Потапов наконец получил возможность провести досмотр личных вещей Егорова. Старшего лейтенанта отослали в штаб армии, ординарец Куликов ушел на хозработы. Доступ в жилье командира взвода связи был открыт. Сознавая всю ответственность взятой на себя задачи, капитан снова прокрутил в уме свои подозрении. Первое – Егоров имеет неограниченные возможности для передачи информации; второе – ночное происшествие с Егоровым, когда ему показалось, что в землянку кто-то входил, а он не мог подняться; третье – о новом командном пункте знал только Егоров; наконец «халатность», как сказал генерал Данилевский, когда радист Соловьев отказался выехать на передовую. Взвесив все, Потапов приступил к досмотру.
Землянка у командира взвода связи была просторной, светлой. Кругом чистота и порядок. Постель аккуратно заправлена. В углу лежал свернутый матрац, на нем – вещевой мешок, это место, как видно, занимал ординарец. Куликов был человеком невзрачным, малорослым, ноги у него были необыкновенно короткие, и ходил он как-то забавно, точно на подставках, оттого остряки прозвали его «Обрубок». Но был на редкость трудолюбив, уважал порядок, выглядел тихим, даже робким.

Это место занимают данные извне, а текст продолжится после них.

lemma pdt_nu1:
  assumes "smooth2 p"
  shows "pdt (nu1 p) x t = p x t * cnj (pdt p x t) + pdt p x t * cnj (p x t)"
proof -
  have "((\<lambda>s. p x s) has_vector_derivative pdt p x t) (at t)"
    using smooth2_has_pdt[OF assms, of "[]"] by simp
  from has_vector_derivative_mult[OF this has_vector_derivative_cnj[OF this]] show ?thesis
    unfolding pdt_def[of "nu1 p"] nu1_eq by (simp add: vector_derivative_at add.commute)
qed

lemma nu_differentiable_t:
  assumes "smooth2 p"
  shows "(\<lambda>s. nu1 p x s) differentiable (at t)" "(\<lambda>s. nu2 p x s) differentiable (at t)"
  using smooth2_differentiable_t[OF assms, of "[]"] smooth2_differentiable_t[OF assms, of "[True]"]
  unfolding nu1_eq nu2_eq[OF assms]
  by (auto intro!: derivative_intros simp: differentiable_cnj_iff)

lemma Psi12_differentiable_t:
  assumes "smooth2 p"
  shows "(\<lambda>s. Psi12 p c0 c1 c2 lam x s) differentiable (at t)"
  using smooth2_differentiable_t[OF assms, of "[]"] smooth2_differentiable_t[OF assms, of "[True]"]
    smooth2_differentiable_t[OF assms, of "[True, True]"]
  unfolding Psi12_def of_real_cmod_square
  by (auto intro!: derivative_intros simp: differentiable_cnj_iff)

lemma two_phase_nls_solution: "two_phase p c0 c1 c2 \<Longrightarrow> nls_solution p"
  by (simp add: two_phase_def)
(* Let $\mathcal A_1,\mathcal B_1:U_1\to V_1$ be linear maps of finite-dimensional vector spaces over a field $\mathbb F$. Let $U_2=\mathcal A_1^{-1}(\operatorname{im}\mathcal B_1)$, $V_2=\operatorname{im}\mathcal B_1$, and let $\mathcal A_2,\mathcal B_2:U_2\to V_2$ be the restrictions of $\mathcal A_1,\mathcal B_1$. Similarly let $U_3=\mathcal A_2^{-1}(\operatorname{im}\mathcal B_2)$, $V_3=\operatorname{im}\mathcal B_2$. Let $(A_1,B_1)$ and $(A_2,B_2)$ be the matrix pairs of $(\mathcal A_1,\mathcal B_1)$ and $(\mathcal A_2,\mathcal B_2)$ in arbitrary bases, and take any regularizing decomposition of $(A_1,B_1)$. Then a regularizing decomposition of $(A_2,B_2)$ is obtained from it by: deleting all summands $(L_1^T,R_1^T)=(0_{10},0_{10})$ and all summands $(I_1,J_1(0))=([1],[0])$; replacing each summand $(L_k^T,R_k^T)$ with $k\ge2$ by $(L_{k-1}^T,R_{k-1}^T)$ and each summand $(I_k,J_k(0))$ with $k\ge2$ by $(I_{k-1},J_{k-1}(0))$; and leaving all other summands (the regular part $(I_r,D)$ and the summands $(J_k(0),I_k)$, $(L_k,R_k)$) unchanged. Moreover, the number of summands $(L_1^T,R_1^T)$ in the decomposition of $(A_1,B_1)$ equals $(\dim V_1-\dim V_2)-(\dim U_1-\dim U_2)$, and the number of summands $(I_1,J_1(0))$ equals $(\dim U_1-\dim U_2)-(\dim V_2-\dim V_3)$.
   Context: $J_k(0)$ denotes the $k\times k$ nilpotent Jordan block with ones directly below the diagonal. $L_k$ and $R_k$ are the $(k-1)\times k$ matrices obtained from $I_k$ by deleting its last row, respectively its first row ($L_1=R_1$ is the $0\times1$ matrix, $L_1^T=R_1^T=0_{10}$ the $1\times 0$ matrix). Direct sums of matrix pairs are blockwise. Two matrix pairs $(A,B)$, $(A',B')$ are equivalent if $SA=A'R$, $SB=B'R$ for nonsingular $S,R$. A regularizing decomposition of a matrix pair $(A,B)$ is a direct sum $(I_r,D)\oplus(M_1,N_1)\oplus\dots\oplus(M_t,N_t)$ equivalent to $(A,B)$, in which $D$ is $r\times r$ nonsingular and each $(M_i,N_i)$ is one of $(I_k,J_k(0))$, $(J_k(0),I_k)$, $(L_k,R_k)$, $(L_k^T,R_k^T)$, $k\ge1$. *)

theory Defs
  imports "Jordan_Normal_Form.Matrix"
begin

definition jordan0 :: "nat \<Rightarrow> 'a::field mat" where
  "jordan0 k = mat k k (\<lambda>(i,j). if i = j + 1 then 1 else 0)"

text \<open>L_k: I_k with last row deleted; R_k: I_k with first row deleted ((k-1) x k).\<close>
definition Lmat :: "nat \<Rightarrow> 'a::field mat" where
  "Lmat k = mat (k - 1) k (\<lambda>(i,j). if j = i then 1 else 0)"

definition Rmat :: "nat \<Rightarrow> 'a::field mat" where
  "Rmat k = mat (k - 1) k (\<lambda>(i,j). if j = i + 1 then 1 else 0)"

datatype summand =
    IJ nat
  | JI nat
  | LR nat
  | LRT nat

fun summand_index :: "summand \<Rightarrow> nat" where
  "summand_index (IJ k) = k"
| "summand_index (JI k) = k"
| "summand_index (LR k) = k"
| "summand_index (LRT k) = k"

fun summand_pair :: "summand \<Rightarrow> 'a::field mat \<times> 'a mat" where
  "summand_pair (IJ k) = (1\<^sub>m k, jordan0 k)"
| "summand_pair (JI k) = (jordan0 k, 1\<^sub>m k)"
| "summand_pair (LR k) = (Lmat k, Rmat k)"
| "summand_pair (LRT k) = (transpose_mat (Lmat k), transpose_mat (Rmat k))"

definition dsum_mat :: "'a::field mat \<Rightarrow> 'a mat \<Rightarrow> 'a mat" where
  "dsum_mat A B = four_block_mat A (0\<^sub>m (dim_row A) (dim_col B)) (0\<^sub>m (dim_row B) (dim_col A)) B"

definition dsum_pair :: "'a::field mat \<times> 'a mat \<Rightarrow> 'a mat \<times> 'a mat \<Rightarrow> 'a mat \<times> 'a mat" where
  "dsum_pair P Q = (dsum_mat (fst P) (fst Q), dsum_mat (snd P) (snd Q))"

definition decomp_pair :: "nat \<Rightarrow> 'a::field mat \<Rightarrow> summand list \<Rightarrow> 'a mat \<times> 'a mat" where
  "decomp_pair r D bs = foldl (\<lambda>P b. dsum_pair P (summand_pair b)) (1\<^sub>m r, D) bs"

definition pair_equiv :: "'a::field mat \<times> 'a mat \<Rightarrow> 'a mat \<times> 'a mat \<Rightarrow> bool" where
  "pair_equiv P P' \<longleftrightarrow>
     (let m = dim_row (fst P); n = dim_col (fst P) in
       snd P \<in> carrier_mat m n \<and> fst P' \<in> carrier_mat m n \<and> snd P' \<in> carrier_mat m n \<and>
       (\<exists>S R. S \<in> carrier_mat m m \<and> R \<in> carrier_mat n n \<and>
              invertible_mat S \<and> invertible_mat R \<and>
              S * fst P = fst P' * R \<and> S * snd P = snd P' * R))"

definition regularizing_decomp :: "'a::field mat \<times> 'a mat \<Rightarrow> nat \<Rightarrow> 'a mat \<Rightarrow> summand list \<Rightarrow> bool" where
  "regularizing_decomp P r D bs \<longleftrightarrow>
     D \<in> carrier_mat r r \<and> invertible_mat D \<and>
     (\<forall>b \<in> set bs. summand_index b \<ge> 1) \<and>
     pair_equiv P (decomp_pair r D bs)"

fun reduce_summand :: "summand \<Rightarrow> summand list" where
  "reduce_summand (LRT k) = (if k \<le> 1 then [] else [LRT (k - 1)])"
| "reduce_summand (IJ k) = (if k \<le> 1 then [] else [IJ (k - 1)])"
| "reduce_summand b = [b]"

definition reduce_summands :: "summand list \<Rightarrow> summand list" where
  "reduce_summands bs = concat (map reduce_summand bs)"

definition basis_matrix :: "nat \<Rightarrow> 'a::field vec set \<Rightarrow> 'a mat \<Rightarrow> bool" where
  "basis_matrix n W M \<longleftrightarrow> M \<in> carrier_mat n (dim_col M) \<and>
     (\<forall>x \<in> carrier_vec (dim_col M). M *\<^sub>v x = 0\<^sub>v n \<longrightarrow> x = 0\<^sub>v (dim_col M)) \<and>
     (\<lambda>x. M *\<^sub>v x) ` carrier_vec (dim_col M) = W"

end

theory Submission
  imports Defs "Jordan_Normal_Form.Determinant"
begin

text \<open>The passage from \<open>(A\<^sub>1, B\<^sub>1)\<close> to \<open>(A\<^sub>2, B\<^sub>2)\<close> commutes with equivalence of pairs and
  with block direct sums, and the dimensions of \<open>U\<^sub>2, V\<^sub>2, V\<^sub>3\<close> are invariants of the pair. So it
  can be carried out summand by summand in a regularizing decomposition. For \<open>(I\<^sub>r, D)\<close>,
  \<open>(J\<^sub>k(0), I\<^sub>k)\<close> and \<open>(L\<^sub>k, R\<^sub>k)\<close> the map \<open>B\<close> is surjective and nothing changes. For
  \<open>(I\<^sub>k, J\<^sub>k(0))\<close> and \<open>(L\<^sub>k\<^sup>T, R\<^sub>k\<^sup>T)\<close> the image of \<open>B\<close> consists of the vectors with vanishing first
  coordinate, it has the basis given by the columns of \<open>R\<^sub>k\<^sup>T\<close>, and in this basis the restriction is the
  summand of the same kind of size \<open>k - 1\<close> (a \<open>0 \<times> 0\<close> pair when \<open>k = 1\<close>). Adding up the dimension
  defects summand by summand, only \<open>(L\<^sub>1\<^sup>T, R\<^sub>1\<^sup>T)\<close> contributes to the first counting formula and
  only \<open>(I\<^sub>1, J\<^sub>1(0))\<close> to the second.\<close>

lemma invertible_mat_obtain_inverse:
  fixes S :: "'a::field mat"
  assumes "S \<in> carrier_mat n n" "invertible_mat S"
  obtains Si where "Si \<in> carrier_mat n n" "S * Si = 1\<^sub>m n" "Si * S = 1\<^sub>m n"
proof -
  obtain B where B: "S * B = 1\<^sub>m (dim_row S)" "B * S = 1\<^sub>m (dim_row B)"
    using assms(2) unfolding invertible_mat_def inverts_mat_def by blast
  have "dim_col B = n" "dim_row B = n"
    using assms(1) arg_cong[OF B(1), of dim_col] arg_cong[OF B(2), of dim_col] by auto
  then show thesis using that[of B] assms(1) B by auto
qed

lemma invertible_matI:
  fixes S :: "'a::field mat"
  assumes "S \<in> carrier_mat n n" "Si \<in> carrier_mat n n" "S * Si = 1\<^sub>m n"
  shows "invertible_mat S"
proof -
  have "Si * S = 1\<^sub>m n" using mat_mult_left_right_inverse[OF assms] .
  then show ?thesis
    using assms unfolding invertible_mat_def inverts_mat_def carrier_mat_def by auto
qed

lemma invertible_mat_inverse:
  fixes S :: "'a::field mat"
  assumes "S \<in> carrier_mat n n" "Si \<in> carrier_mat n n" "S * Si = 1\<^sub>m n"
  shows "invertible_mat Si"
  using invertible_matI[OF assms(2,1)] mat_mult_left_right_inverse[OF assms] .

lemma invertible_mat_mult:
  fixes S T :: "'a::field mat"
  assumes S: "S \<in> carrier_mat n n" "invertible_mat S" and T: "T \<in> carrier_mat n n" "invertible_mat T"
  shows "invertible_mat (S * T)"
proof -
  obtain Si where Si: "Si \<in> carrier_mat n n" "S * Si = 1\<^sub>m n"
    using invertible_mat_obtain_inverse[OF S] by blast
  obtain Ti where Ti: "Ti \<in> carrier_mat n n" "T * Ti = 1\<^sub>m n"
    using invertible_mat_obtain_inverse[OF T] by blast
  have "(S * T) * (Ti * Si) = S * ((T * Ti) * Si)"
    using S(1) T(1) Ti(1) Si(1) by (simp add: assoc_mult_mat[of _ n n _ n _ n])
  also have "\<dots> = 1\<^sub>m n" using Ti(2) Si by simp
  finally show ?thesis using S(1) T(1) Ti(1) Si(1) by (intro invertible_matI) auto
qed

lemma mult_eq_mult_inverses:
  fixes S A A' R :: "'a::field mat"
  assumes "S \<in> carrier_mat m m" "Si \<in> carrier_mat m m" "Si * S = 1\<^sub>m m"
    and "R \<in> carrier_mat n n" "Ri \<in> carrier_mat n n" "R * Ri = 1\<^sub>m n"
    and "A \<in> carrier_mat m n" "A' \<in> carrier_mat m n" and "S * A = A' * R"
  shows "Si * A' = A * Ri"
proof -
  have "A * Ri = ((Si * S) * A) * Ri" using assms by simp
  also have "\<dots> = Si * ((S * A) * Ri)"
    using assoc_mult_mat[OF assms(2,1,7)] assoc_mult_mat[OF assms(2) mult_carrier_mat[OF assms(1,7)] assms(5)]
    by simp
  also have "\<dots> = Si * (A' * (R * Ri))" using assms by (simp add: assoc_mult_mat[of A' m n R n Ri n])
  also have "\<dots> = Si * A'" using assms by simp
  finally show ?thesis by (rule sym)
qed

lemma pair_equivI:
  fixes A B A' B' S R :: "'a::field mat"
  assumes "A \<in> carrier_mat m n" "B \<in> carrier_mat m n" "A' \<in> carrier_mat m n" "B' \<in> carrier_mat m n"
    and "S \<in> carrier_mat m m" "invertible_mat S" "R \<in> carrier_mat n n" "invertible_mat R"
    and "S * A = A' * R" "S * B = B' * R"
  shows "pair_equiv (A, B) (A', B')"
  using assms unfolding pair_equiv_def Let_def by auto

lemma pair_equivE:
  fixes A B A' B' :: "'a::field mat"
  assumes "pair_equiv (A, B) (A', B')" "A \<in> carrier_mat m n"
  obtains S R where "B \<in> carrier_mat m n" "A' \<in> carrier_mat m n" "B' \<in> carrier_mat m n"
    "S \<in> carrier_mat m m" "invertible_mat S" "R \<in> carrier_mat n n" "invertible_mat R"
    "S * A = A' * R" "S * B = B' * R"
  using assms unfolding pair_equiv_def Let_def by auto

lemma pair_equiv_sym:
  fixes A B A' B' :: "'a::field mat"
  assumes e: "pair_equiv (A, B) (A', B')" and A: "A \<in> carrier_mat m n"
  shows "pair_equiv (A', B') (A, B)"
proof -
  obtain S R where c: "B \<in> carrier_mat m n" "A' \<in> carrier_mat m n" "B' \<in> carrier_mat m n"
    and S: "S \<in> carrier_mat m m" "invertible_mat S" and R: "R \<in> carrier_mat n n" "invertible_mat R"
    and eq: "S * A = A' * R" "S * B = B' * R"
    using pair_equivE[OF e A] .
  obtain Si where Si: "Si \<in> carrier_mat m m" "S * Si = 1\<^sub>m m" "Si * S = 1\<^sub>m m"
    using invertible_mat_obtain_inverse[OF S] .
  obtain Ri where Ri: "Ri \<in> carrier_mat n n" "R * Ri = 1\<^sub>m n" "Ri * R = 1\<^sub>m n"
    using invertible_mat_obtain_inverse[OF R] .
  show ?thesis
    by (rule pair_equivI[OF c(2,3) A c(1) Si(1) invertible_mat_inverse[OF S(1) Si(1,2)]
          Ri(1) invertible_mat_inverse[OF R(1) Ri(1,2)]
          mult_eq_mult_inverses[OF S(1) Si(1,3) R(1) Ri(1,2) A c(2) eq(1)]
          mult_eq_mult_inverses[OF S(1) Si(1,3) R(1) Ri(1,2) c(1) c(3) eq(2)]])
qed

lemma pair_equiv_trans:
  fixes A B A' B' A'' B'' :: "'a::field mat"
  assumes e1: "pair_equiv (A, B) (A', B')" and e2: "pair_equiv (A', B') (A'', B'')"
    and A: "A \<in> carrier_mat m n"
  shows "pair_equiv (A, B) (A'', B'')"
proof -
  obtain S R where c: "B \<in> carrier_mat m n" "A' \<in> carrier_mat m n" "B' \<in> carrier_mat m n"
    and S: "S \<in> carrier_mat m m" "invertible_mat S" and R: "R \<in> carrier_mat n n" "invertible_mat R"
    and eq: "S * A = A' * R" "S * B = B' * R"
    using pair_equivE[OF e1 A] .
  obtain S' R' where c': "A'' \<in> carrier_mat m n" "B'' \<in> carrier_mat m n"
    and S': "S' \<in> carrier_mat m m" "invertible_mat S'" and R': "R' \<in> carrier_mat n n" "invertible_mat R'"
    and eq': "S' * A' = A'' * R'" "S' * B' = B'' * R'"
    using pair_equivE[OF e2 c(2)] by metis
  have chain: "(S' * S) * C = C'' * (R' * R)"
    if "C \<in> carrier_mat m n" "C' \<in> carrier_mat m n" "C'' \<in> carrier_mat m n"
      "S * C = C' * R" "S' * C' = C'' * R'" for C C' C''
  proof -
    have "(S' * S) * C = S' * (C' * R)" using that S' S by (simp add: assoc_mult_mat[of S' m m S m C n])
    also have "\<dots> = (C'' * R') * R" using that S' R by (simp add: assoc_mult_mat[of S' m m C' n R n, symmetric])
    also have "\<dots> = C'' * (R' * R)" using that R' R by (simp add: assoc_mult_mat[of C'' m n R' n R n])
    finally show ?thesis .
  qed
  show ?thesis
    using A c c' S R S' R' chain[OF A c(2) c'(1) eq(1) eq'(1)] chain[OF c(1) c(3) c'(2) eq(2) eq'(2)]
    by (intro pair_equivI[where S = "S' * S" and R = "R' * R"] invertible_mat_mult) auto
qed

Он вызывал сочувствие, если не жалость, а заподозрить его в каком-либо преступлении было бы великим грехом. Тем не менее в голове капитана роилось нечто подобное...
Он начал досмотр с самодельного чемодана, который стоял возле койки и принадлежал Егорову. Здесь также чувствовалась аккуратность хозяина: перевязанная тесемкой пачка писем, написанных одним почерком – женой, ее фотокарточки, в картонной коробке – все, что необходимо, чтобы заштопать одежду, подшить подворотничок к гимнастерке, пришить пуговицу. Тут же лежали новые погоны – капитанские, Егоров вскоре должен был получить очередное звание. Внимание привлек флакон валерьяны, хранившийся под бельем в углу чемодана. «Разве у Егорова не в порядке сердце? Или принимает, как успокоительное?» – мимолетно подумал Потапов. Он открыл флакон, понюхал – запаха не было. Да и по цвету жидкость не походила на настой валерьянки. Это заинтересовало капитана. Он сходил в медсанбат за флаконом, немного отлил в него подозрительной жидкости...
Сделать анализ «валерьяны» на месте не было возможности. Майор Шамин для этой цели выехал в штаб армии. Через сутки мы получили шифровку: предоставленная для анализа жидкость – проявитель микропленки.
Над Егоровым нависла серьезная угроза. Возникла необходимость повторного, более тщательного досмотра. На этот раз с Потаповым был я. Обнаружить ничего не удалось. Только я заметил, что на некоторых конвертах остались следы почтовых марок, а солдатские письма посылались без марок. Мне было известно, что марки использовались в агентурных связях для передачи информации: на обратную сторону способом микрофотосъемки наносился текст, и письмо благополучно проходило цензуру. Таких конвертов оказалось три. Все от жены.
Вечером у капитана Обухова мы обсуждали результаты досмотра. У всех было какое-то нервное состояние.
– Что же получается?! – воскликнул Обухов. – Он и жену втянул в шпионскую работу? Невероятно! Невообразимо! Чушь собачья... Извините. Порядочный человек, офицер и вдруг!..
– Возможно, кто-то воспользовался ее письмами, – предположил я. Мне тоже не по нутру было все это сознавать.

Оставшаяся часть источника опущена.